### WHAT YOU ARE ASKED TO DO:
From the line below that contains "D1) @ Fm A # map" to the line that contains "m_bangL by (simp add: unstoup_pair unstoup_fill)", repeat every line exactly, both ends included, and nothing else.

*** MATERIAL FOR THIS EXERCISE Section Begins ***

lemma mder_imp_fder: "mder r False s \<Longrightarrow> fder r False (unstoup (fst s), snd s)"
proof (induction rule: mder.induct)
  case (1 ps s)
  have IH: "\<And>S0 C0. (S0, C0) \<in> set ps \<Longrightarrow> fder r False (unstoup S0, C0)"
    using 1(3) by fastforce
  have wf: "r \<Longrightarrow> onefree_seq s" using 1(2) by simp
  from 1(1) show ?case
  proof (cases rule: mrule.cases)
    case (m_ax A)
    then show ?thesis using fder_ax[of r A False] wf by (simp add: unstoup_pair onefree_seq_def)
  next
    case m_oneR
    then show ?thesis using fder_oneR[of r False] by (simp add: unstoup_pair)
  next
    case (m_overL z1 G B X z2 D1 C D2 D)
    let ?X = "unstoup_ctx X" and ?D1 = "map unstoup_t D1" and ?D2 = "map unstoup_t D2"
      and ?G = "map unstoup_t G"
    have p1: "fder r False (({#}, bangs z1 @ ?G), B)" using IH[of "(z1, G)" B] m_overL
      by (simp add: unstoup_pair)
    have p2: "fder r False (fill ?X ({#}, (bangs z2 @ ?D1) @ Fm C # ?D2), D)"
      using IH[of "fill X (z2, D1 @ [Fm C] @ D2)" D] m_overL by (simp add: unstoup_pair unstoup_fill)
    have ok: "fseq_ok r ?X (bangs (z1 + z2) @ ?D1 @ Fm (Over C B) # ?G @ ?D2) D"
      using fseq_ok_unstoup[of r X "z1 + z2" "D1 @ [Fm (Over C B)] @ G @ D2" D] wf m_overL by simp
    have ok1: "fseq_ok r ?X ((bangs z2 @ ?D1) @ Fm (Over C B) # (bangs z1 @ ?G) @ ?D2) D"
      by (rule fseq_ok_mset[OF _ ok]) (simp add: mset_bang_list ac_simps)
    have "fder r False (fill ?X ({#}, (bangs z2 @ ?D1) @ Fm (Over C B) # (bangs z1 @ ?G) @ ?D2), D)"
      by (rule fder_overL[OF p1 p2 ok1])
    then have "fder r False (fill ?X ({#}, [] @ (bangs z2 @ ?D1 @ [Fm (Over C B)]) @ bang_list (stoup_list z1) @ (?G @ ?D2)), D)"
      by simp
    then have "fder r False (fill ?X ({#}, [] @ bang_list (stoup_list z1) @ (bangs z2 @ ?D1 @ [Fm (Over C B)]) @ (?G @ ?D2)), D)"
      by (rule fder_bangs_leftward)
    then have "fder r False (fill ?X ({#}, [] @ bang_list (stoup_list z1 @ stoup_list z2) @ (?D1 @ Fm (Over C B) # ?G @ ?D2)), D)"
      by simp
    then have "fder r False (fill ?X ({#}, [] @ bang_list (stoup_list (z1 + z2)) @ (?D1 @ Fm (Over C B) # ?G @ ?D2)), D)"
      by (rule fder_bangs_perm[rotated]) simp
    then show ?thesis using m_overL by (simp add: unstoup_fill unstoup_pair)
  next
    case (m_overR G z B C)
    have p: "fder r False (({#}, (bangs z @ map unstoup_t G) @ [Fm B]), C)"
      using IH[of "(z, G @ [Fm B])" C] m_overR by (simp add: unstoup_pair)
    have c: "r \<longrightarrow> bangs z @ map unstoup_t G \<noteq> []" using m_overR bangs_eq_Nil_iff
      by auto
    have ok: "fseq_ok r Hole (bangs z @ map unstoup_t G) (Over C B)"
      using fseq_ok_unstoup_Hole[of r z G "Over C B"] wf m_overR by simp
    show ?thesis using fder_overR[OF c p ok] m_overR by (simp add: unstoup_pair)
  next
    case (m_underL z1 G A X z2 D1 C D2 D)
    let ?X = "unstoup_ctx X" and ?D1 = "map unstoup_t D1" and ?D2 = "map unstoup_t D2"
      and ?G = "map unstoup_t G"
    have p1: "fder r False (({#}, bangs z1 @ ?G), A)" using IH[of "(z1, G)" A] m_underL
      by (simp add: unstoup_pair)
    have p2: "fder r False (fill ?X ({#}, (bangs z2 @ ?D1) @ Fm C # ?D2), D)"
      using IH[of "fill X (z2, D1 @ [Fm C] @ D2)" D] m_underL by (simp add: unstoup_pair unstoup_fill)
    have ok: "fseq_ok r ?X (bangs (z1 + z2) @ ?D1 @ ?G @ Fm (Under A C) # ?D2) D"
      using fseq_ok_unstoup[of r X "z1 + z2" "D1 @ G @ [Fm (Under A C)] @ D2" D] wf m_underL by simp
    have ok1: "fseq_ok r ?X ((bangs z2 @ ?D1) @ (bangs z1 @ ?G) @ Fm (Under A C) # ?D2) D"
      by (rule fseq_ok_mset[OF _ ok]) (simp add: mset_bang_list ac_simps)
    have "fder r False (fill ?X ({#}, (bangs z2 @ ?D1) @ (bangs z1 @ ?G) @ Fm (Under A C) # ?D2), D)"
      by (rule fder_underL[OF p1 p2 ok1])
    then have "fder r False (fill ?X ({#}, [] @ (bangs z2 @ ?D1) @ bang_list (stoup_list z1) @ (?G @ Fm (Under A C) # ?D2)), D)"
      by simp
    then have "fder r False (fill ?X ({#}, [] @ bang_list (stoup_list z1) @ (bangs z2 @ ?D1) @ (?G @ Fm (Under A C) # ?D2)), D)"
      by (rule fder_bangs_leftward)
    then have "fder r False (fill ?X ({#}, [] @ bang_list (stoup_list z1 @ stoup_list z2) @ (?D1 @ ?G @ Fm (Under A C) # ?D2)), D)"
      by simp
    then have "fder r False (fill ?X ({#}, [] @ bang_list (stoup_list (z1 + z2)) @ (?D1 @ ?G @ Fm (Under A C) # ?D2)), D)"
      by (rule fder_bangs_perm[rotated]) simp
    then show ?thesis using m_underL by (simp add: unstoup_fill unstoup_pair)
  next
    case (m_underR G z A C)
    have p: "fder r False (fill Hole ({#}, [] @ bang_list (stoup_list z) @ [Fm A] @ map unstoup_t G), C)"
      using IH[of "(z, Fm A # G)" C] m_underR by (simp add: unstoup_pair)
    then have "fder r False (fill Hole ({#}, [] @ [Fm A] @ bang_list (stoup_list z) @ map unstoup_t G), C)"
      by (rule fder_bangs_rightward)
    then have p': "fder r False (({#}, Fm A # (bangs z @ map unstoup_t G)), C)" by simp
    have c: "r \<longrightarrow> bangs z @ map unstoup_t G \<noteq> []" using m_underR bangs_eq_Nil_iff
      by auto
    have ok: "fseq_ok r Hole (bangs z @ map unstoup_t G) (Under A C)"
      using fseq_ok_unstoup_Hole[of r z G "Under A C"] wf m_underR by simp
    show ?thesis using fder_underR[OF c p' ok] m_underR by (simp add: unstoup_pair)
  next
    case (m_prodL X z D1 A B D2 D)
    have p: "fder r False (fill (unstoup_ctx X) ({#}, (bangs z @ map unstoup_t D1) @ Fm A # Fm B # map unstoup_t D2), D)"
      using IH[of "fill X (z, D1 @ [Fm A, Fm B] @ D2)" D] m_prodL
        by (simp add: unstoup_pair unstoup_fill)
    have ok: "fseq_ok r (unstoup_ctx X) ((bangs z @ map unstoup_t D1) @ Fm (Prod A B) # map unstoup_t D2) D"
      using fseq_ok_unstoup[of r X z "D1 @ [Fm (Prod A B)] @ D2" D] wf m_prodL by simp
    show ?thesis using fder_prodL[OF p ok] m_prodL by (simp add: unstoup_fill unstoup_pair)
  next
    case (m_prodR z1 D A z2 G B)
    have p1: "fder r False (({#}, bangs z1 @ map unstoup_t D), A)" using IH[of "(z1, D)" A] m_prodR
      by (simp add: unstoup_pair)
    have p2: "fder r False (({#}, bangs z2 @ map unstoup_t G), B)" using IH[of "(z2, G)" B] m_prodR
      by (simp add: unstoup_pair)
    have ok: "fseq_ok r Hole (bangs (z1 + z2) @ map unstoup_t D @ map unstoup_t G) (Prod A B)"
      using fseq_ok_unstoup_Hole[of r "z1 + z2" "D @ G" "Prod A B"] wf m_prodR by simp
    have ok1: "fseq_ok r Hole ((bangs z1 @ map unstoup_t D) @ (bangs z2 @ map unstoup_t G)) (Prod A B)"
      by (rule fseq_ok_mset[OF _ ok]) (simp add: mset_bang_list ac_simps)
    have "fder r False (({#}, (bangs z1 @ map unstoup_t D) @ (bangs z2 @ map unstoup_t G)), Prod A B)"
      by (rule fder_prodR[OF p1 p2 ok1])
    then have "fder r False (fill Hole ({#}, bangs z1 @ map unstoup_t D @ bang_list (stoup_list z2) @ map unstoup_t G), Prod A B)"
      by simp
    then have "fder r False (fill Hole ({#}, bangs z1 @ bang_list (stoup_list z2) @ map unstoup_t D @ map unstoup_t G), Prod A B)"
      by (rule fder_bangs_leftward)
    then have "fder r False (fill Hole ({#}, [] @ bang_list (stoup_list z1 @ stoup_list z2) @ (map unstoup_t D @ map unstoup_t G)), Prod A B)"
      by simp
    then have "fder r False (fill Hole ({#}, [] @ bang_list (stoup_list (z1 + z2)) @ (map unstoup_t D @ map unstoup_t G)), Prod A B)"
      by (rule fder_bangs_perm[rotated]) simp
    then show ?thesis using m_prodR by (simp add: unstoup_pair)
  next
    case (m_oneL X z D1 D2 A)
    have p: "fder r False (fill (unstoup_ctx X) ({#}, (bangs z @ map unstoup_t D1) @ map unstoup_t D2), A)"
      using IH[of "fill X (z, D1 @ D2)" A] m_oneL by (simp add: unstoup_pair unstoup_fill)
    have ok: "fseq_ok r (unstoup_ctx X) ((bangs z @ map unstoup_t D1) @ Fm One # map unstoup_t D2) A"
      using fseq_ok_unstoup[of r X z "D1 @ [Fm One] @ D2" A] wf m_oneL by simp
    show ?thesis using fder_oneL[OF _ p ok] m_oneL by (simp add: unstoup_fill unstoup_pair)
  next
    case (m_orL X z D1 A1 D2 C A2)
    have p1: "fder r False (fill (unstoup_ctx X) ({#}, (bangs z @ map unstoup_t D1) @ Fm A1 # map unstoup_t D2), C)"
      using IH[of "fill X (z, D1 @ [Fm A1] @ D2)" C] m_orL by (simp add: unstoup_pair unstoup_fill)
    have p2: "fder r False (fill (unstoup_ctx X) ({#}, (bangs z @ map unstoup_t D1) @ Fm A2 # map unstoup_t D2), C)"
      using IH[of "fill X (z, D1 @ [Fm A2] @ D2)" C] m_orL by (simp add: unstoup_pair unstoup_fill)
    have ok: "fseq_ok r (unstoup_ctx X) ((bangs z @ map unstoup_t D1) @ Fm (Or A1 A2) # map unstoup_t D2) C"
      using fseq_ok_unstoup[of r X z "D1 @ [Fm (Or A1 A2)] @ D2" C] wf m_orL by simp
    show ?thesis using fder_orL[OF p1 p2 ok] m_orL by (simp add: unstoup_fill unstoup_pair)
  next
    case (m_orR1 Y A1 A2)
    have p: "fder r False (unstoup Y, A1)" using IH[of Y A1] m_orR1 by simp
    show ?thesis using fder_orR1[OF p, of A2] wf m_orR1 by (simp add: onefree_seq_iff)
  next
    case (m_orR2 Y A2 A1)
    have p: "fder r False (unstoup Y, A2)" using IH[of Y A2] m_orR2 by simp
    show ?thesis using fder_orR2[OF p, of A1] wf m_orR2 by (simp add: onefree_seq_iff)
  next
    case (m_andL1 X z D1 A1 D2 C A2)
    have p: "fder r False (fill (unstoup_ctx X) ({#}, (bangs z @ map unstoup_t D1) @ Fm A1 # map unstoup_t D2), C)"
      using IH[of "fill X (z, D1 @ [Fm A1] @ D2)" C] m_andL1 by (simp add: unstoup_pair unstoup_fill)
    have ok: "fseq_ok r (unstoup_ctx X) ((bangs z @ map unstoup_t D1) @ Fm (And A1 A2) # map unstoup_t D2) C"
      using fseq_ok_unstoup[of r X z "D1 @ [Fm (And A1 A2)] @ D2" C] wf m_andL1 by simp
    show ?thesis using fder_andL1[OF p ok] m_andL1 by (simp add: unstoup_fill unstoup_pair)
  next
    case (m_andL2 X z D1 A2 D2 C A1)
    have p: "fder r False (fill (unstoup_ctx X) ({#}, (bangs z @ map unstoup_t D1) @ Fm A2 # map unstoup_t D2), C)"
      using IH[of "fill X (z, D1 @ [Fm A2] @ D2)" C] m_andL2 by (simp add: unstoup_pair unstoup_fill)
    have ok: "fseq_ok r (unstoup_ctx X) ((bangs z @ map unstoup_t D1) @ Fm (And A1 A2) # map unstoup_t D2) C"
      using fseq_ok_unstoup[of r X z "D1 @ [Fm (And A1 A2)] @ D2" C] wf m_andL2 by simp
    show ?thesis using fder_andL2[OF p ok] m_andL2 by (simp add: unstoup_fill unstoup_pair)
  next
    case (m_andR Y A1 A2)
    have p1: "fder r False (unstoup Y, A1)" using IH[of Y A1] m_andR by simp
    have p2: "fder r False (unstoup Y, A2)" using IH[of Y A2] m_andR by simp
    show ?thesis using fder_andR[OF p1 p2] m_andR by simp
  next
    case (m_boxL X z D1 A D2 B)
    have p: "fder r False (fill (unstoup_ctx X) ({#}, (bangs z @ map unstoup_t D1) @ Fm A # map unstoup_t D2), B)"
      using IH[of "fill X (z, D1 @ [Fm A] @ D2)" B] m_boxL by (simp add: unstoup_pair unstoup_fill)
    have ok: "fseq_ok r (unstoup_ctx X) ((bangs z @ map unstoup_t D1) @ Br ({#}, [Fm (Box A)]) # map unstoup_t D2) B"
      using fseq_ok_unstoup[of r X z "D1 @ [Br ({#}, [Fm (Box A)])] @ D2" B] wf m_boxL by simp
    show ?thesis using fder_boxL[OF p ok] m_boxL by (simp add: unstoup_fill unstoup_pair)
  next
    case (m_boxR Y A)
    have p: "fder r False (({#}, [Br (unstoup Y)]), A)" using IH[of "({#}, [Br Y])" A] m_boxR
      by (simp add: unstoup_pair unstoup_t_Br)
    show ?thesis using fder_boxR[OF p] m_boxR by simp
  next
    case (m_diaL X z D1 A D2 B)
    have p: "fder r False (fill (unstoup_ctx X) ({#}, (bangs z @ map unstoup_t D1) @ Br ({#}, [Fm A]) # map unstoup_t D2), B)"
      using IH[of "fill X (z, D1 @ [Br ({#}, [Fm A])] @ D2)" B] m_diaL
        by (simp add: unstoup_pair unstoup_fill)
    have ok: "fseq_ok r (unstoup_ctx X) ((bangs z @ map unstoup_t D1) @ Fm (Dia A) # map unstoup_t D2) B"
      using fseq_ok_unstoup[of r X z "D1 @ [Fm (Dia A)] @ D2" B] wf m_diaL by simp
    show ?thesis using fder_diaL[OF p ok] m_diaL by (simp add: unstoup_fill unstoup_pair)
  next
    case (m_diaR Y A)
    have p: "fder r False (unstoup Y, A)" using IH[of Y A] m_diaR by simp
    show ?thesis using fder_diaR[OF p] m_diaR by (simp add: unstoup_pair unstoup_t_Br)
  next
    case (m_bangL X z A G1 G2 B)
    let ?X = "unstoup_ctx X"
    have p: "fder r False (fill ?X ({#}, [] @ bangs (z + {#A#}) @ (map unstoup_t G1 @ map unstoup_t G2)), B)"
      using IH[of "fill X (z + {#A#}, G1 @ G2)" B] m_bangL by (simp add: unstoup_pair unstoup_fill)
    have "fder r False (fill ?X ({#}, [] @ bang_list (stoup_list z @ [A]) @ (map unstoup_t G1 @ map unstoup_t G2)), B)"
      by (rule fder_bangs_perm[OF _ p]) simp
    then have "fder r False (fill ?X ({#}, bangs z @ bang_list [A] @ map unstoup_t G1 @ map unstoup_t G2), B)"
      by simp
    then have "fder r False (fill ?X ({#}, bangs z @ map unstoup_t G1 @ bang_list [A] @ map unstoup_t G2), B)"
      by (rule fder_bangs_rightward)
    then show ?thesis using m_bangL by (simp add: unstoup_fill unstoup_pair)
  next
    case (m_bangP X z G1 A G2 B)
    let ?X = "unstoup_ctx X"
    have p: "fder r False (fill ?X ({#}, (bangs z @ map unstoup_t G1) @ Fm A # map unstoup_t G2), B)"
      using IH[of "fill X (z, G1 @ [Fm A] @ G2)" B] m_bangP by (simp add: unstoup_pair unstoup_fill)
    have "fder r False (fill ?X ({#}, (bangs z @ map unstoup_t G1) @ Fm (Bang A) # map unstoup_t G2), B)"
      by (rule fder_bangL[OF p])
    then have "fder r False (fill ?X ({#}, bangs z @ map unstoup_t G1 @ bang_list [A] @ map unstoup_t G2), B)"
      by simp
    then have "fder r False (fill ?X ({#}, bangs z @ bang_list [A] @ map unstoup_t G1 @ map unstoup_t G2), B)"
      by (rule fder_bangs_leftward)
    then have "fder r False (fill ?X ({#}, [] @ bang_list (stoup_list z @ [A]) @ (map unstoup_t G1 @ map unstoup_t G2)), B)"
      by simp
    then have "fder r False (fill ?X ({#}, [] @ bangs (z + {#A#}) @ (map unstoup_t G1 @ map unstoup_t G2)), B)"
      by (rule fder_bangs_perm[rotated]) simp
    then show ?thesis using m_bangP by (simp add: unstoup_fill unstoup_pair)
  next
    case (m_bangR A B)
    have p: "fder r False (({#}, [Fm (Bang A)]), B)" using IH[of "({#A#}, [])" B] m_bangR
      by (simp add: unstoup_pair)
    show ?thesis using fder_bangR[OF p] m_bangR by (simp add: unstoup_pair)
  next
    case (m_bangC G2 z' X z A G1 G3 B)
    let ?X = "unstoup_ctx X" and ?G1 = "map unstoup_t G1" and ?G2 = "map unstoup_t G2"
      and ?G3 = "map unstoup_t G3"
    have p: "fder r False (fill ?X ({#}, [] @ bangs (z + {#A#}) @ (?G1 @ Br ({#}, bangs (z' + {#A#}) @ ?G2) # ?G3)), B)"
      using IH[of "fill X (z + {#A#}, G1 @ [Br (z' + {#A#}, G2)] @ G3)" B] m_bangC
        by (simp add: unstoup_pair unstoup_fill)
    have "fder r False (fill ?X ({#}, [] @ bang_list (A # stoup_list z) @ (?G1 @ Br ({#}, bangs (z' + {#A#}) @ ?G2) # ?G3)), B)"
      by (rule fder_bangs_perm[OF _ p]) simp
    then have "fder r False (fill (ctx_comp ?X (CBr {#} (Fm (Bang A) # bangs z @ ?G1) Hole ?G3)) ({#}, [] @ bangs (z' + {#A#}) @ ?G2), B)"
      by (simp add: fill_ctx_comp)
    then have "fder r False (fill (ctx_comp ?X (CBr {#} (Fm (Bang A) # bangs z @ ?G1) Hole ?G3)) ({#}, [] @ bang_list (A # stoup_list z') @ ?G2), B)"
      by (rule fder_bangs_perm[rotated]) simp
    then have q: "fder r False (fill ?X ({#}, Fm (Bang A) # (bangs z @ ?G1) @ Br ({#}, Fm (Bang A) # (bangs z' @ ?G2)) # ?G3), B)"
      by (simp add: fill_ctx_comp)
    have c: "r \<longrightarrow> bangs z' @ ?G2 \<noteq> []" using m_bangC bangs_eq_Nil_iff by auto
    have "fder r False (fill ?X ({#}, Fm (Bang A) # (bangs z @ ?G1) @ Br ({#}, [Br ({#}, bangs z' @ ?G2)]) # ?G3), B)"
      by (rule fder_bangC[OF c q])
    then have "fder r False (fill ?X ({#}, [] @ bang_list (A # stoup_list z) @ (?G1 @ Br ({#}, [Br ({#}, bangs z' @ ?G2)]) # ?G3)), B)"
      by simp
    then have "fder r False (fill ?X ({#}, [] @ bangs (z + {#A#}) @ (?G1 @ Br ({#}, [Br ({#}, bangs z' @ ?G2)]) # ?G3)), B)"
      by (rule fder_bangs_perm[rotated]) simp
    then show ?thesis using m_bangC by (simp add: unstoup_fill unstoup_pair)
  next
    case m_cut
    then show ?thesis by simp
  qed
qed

*** MATERIAL FOR THIS EXERCISE Section Ends ***

### OUTPUT OF THE EXERCISE:
    have p: "fder r False (fill (unstoup_ctx X) ({#}, (bangs z @ map unstoup_t D1) @ Fm A # map unstoup_t D2), B)"
      using IH[of "fill X (z, D1 @ [Fm A] @ D2)" B] m_boxL by (simp add: unstoup_pair unstoup_fill)
    have ok: "fseq_ok r (unstoup_ctx X) ((bangs z @ map unstoup_t D1) @ Br ({#}, [Fm (Box A)]) # map unstoup_t D2) B"
      using fseq_ok_unstoup[of r X z "D1 @ [Br ({#}, [Fm (Box A)])] @ D2" B] wf m_boxL by simp
    show ?thesis using fder_boxL[OF p ok] m_boxL by (simp add: unstoup_fill unstoup_pair)
  next
    case (m_boxR Y A)
    have p: "fder r False (({#}, [Br (unstoup Y)]), A)" using IH[of "({#}, [Br Y])" A] m_boxR
      by (simp add: unstoup_pair unstoup_t_Br)
    show ?thesis using fder_boxR[OF p] m_boxR by simp
  next
    case (m_diaL X z D1 A D2 B)
    have p: "fder r False (fill (unstoup_ctx X) ({#}, (bangs z @ map unstoup_t D1) @ Br ({#}, [Fm A]) # map unstoup_t D2), B)"
      using IH[of "fill X (z, D1 @ [Br ({#}, [Fm A])] @ D2)" B] m_diaL
        by (simp add: unstoup_pair unstoup_fill)
    have ok: "fseq_ok r (unstoup_ctx X) ((bangs z @ map unstoup_t D1) @ Fm (Dia A) # map unstoup_t D2) B"
      using fseq_ok_unstoup[of r X z "D1 @ [Fm (Dia A)] @ D2" B] wf m_diaL by simp
    show ?thesis using fder_diaL[OF p ok] m_diaL by (simp add: unstoup_fill unstoup_pair)
  next
    case (m_diaR Y A)
    have p: "fder r False (unstoup Y, A)" using IH[of Y A] m_diaR by simp
    show ?thesis using fder_diaR[OF p] m_diaR by (simp add: unstoup_pair unstoup_t_Br)
  next
    case (m_bangL X z A G1 G2 B)
    let ?X = "unstoup_ctx X"
    have p: "fder r False (fill ?X ({#}, [] @ bangs (z + {#A#}) @ (map unstoup_t G1 @ map unstoup_t G2)), B)"
      using IH[of "fill X (z + {#A#}, G1 @ G2)" B] m_bangL by (simp add: unstoup_pair unstoup_fill)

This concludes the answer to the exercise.